Work item:
Write out each record a second time, exactly.

== Task inputs ==

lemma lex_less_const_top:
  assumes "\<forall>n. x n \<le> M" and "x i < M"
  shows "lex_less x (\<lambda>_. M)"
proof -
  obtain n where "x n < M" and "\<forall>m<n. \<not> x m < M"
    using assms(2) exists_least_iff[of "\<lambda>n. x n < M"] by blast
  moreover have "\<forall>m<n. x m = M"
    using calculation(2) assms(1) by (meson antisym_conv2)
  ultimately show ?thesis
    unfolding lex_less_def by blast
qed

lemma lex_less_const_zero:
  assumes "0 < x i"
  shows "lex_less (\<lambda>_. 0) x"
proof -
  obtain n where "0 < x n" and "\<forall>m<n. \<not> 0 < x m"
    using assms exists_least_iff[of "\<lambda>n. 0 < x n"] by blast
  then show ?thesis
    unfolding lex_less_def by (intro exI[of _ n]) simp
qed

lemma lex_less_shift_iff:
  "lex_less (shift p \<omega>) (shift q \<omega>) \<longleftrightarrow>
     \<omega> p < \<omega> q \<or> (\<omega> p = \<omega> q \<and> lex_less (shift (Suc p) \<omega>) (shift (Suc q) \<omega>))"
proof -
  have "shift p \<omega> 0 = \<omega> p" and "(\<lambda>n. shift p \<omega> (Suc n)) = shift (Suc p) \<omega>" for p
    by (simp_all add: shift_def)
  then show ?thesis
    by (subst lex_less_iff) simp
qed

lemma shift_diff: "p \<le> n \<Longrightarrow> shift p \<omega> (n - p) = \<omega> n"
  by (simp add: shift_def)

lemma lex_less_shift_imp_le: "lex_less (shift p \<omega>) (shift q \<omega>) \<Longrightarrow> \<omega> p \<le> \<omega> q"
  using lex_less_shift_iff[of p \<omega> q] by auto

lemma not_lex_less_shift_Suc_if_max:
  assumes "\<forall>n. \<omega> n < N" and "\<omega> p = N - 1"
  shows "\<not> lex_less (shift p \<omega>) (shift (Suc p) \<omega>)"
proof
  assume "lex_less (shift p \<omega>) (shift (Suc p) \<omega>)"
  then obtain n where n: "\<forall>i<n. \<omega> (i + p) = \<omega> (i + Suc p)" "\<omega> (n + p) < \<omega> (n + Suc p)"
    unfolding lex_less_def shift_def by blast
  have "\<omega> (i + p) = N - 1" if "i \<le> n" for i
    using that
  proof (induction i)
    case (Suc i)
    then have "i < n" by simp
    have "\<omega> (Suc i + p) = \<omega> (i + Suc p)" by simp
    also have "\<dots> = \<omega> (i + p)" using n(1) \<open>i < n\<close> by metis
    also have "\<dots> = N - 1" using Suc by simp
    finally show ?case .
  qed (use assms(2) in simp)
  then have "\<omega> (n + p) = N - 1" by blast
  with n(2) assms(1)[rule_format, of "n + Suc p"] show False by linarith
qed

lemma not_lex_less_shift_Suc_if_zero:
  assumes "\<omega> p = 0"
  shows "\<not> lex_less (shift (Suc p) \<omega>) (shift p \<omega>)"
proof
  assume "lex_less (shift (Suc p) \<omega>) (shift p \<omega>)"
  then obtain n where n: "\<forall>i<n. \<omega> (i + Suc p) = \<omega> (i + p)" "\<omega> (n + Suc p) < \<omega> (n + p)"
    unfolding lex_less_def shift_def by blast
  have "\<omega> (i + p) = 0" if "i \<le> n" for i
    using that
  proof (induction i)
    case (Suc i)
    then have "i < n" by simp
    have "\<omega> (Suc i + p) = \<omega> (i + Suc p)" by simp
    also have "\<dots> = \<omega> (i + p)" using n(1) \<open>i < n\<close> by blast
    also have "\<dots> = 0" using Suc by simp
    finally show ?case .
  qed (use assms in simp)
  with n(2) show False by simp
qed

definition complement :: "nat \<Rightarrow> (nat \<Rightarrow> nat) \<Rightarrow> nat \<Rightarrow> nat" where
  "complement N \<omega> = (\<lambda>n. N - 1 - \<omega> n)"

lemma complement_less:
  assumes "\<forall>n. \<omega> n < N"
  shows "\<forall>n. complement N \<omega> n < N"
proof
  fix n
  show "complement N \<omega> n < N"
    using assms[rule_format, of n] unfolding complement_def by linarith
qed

===

Response:
lemma lex_less_const_top:
  assumes "\<forall>n. x n \<le> M" and "x i < M"
  shows "lex_less x (\<lambda>_. M)"
proof -
  obtain n where "x n < M" and "\<forall>m<n. \<not> x m < M"
    using assms(2) exists_least_iff[of "\<lambda>n. x n < M"] by blast
  moreover have "\<forall>m<n. x m = M"
    using calculation(2) assms(1) by (meson antisym_conv2)
  ultimately show ?thesis
    unfolding lex_less_def by blast
qed

lemma lex_less_const_zero:
  assumes "0 < x i"
  shows "lex_less (\<lambda>_. 0) x"
proof -
  obtain n where "0 < x n" and "\<forall>m<n. \<not> 0 < x m"
    using assms exists_least_iff[of "\<lambda>n. 0 < x n"] by blast
  then show ?thesis
    unfolding lex_less_def by (intro exI[of _ n]) simp
qed

lemma lex_less_shift_iff:
  "lex_less (shift p \<omega>) (shift q \<omega>) \<longleftrightarrow>
     \<omega> p < \<omega> q \<or> (\<omega> p = \<omega> q \<and> lex_less (shift (Suc p) \<omega>) (shift (Suc q) \<omega>))"
proof -
  have "shift p \<omega> 0 = \<omega> p" and "(\<lambda>n. shift p \<omega> (Suc n)) = shift (Suc p) \<omega>" for p
    by (simp_all add: shift_def)
  then show ?thesis
    by (subst lex_less_iff) simp
qed

lemma shift_diff: "p \<le> n \<Longrightarrow> shift p \<omega> (n - p) = \<omega> n"
  by (simp add: shift_def)

lemma lex_less_shift_imp_le: "lex_less (shift p \<omega>) (shift q \<omega>) \<Longrightarrow> \<omega> p \<le> \<omega> q"
  using lex_less_shift_iff[of p \<omega> q] by auto

lemma not_lex_less_shift_Suc_if_max:
  assumes "\<forall>n. \<omega> n < N" and "\<omega> p = N - 1"
  shows "\<not> lex_less (shift p \<omega>) (shift (Suc p) \<omega>)"
proof
  assume "lex_less (shift p \<omega>) (shift (Suc p) \<omega>)"
  then obtain n where n: "\<forall>i<n. \<omega> (i + p) = \<omega> (i + Suc p)" "\<omega> (n + p) < \<omega> (n + Suc p)"
    unfolding lex_less_def shift_def by blast
  have "\<omega> (i + p) = N - 1" if "i \<le> n" for i
    using that
  proof (induction i)
    case (Suc i)
    then have "i < n" by simp
    have "\<omega> (Suc i + p) = \<omega> (i + Suc p)" by simp
    also have "\<dots> = \<omega> (i + p)" using n(1) \<open>i < n\<close> by metis
    also have "\<dots> = N - 1" using Suc by simp
    finally show ?case .
  qed (use assms(2) in simp)
  then have "\<omega> (n + p) = N - 1" by blast
  with n(2) assms(1)[rule_format, of "n + Suc p"] show False by linarith
qed

lemma not_lex_less_shift_Suc_if_zero:
  assumes "\<omega> p = 0"
  shows "\<not> lex_less (shift (Suc p) \<omega>) (shift p \<omega>)"
proof
  assume "lex_less (shift (Suc p) \<omega>) (shift p \<omega>)"
  then obtain n where n: "\<forall>i<n. \<omega> (i + Suc p) = \<omega> (i + p)" "\<omega> (n + Suc p) < \<omega> (n + p)"
    unfolding lex_less_def shift_def by blast
  have "\<omega> (i + p) = 0" if "i \<le> n" for i
    using that
  proof (induction i)
    case (Suc i)
    then have "i < n" by simp
    have "\<omega> (Suc i + p) = \<omega> (i + Suc p)" by simp
    also have "\<dots> = \<omega> (i + p)" using n(1) \<open>i < n\<close> by blast
    also have "\<dots> = 0" using Suc by simp
    finally show ?case .
  qed (use assms in simp)
  with n(2) show False by simp
qed

definition complement :: "nat \<Rightarrow> (nat \<Rightarrow> nat) \<Rightarrow> nat \<Rightarrow> nat" where
  "complement N \<omega> = (\<lambda>n. N - 1 - \<omega> n)"

lemma complement_less:
  assumes "\<forall>n. \<omega> n < N"
  shows "\<forall>n. complement N \<omega> n < N"
proof
  fix n
  show "complement N \<omega> n < N"
    using assms[rule_format, of n] unfolding complement_def by linarith
qed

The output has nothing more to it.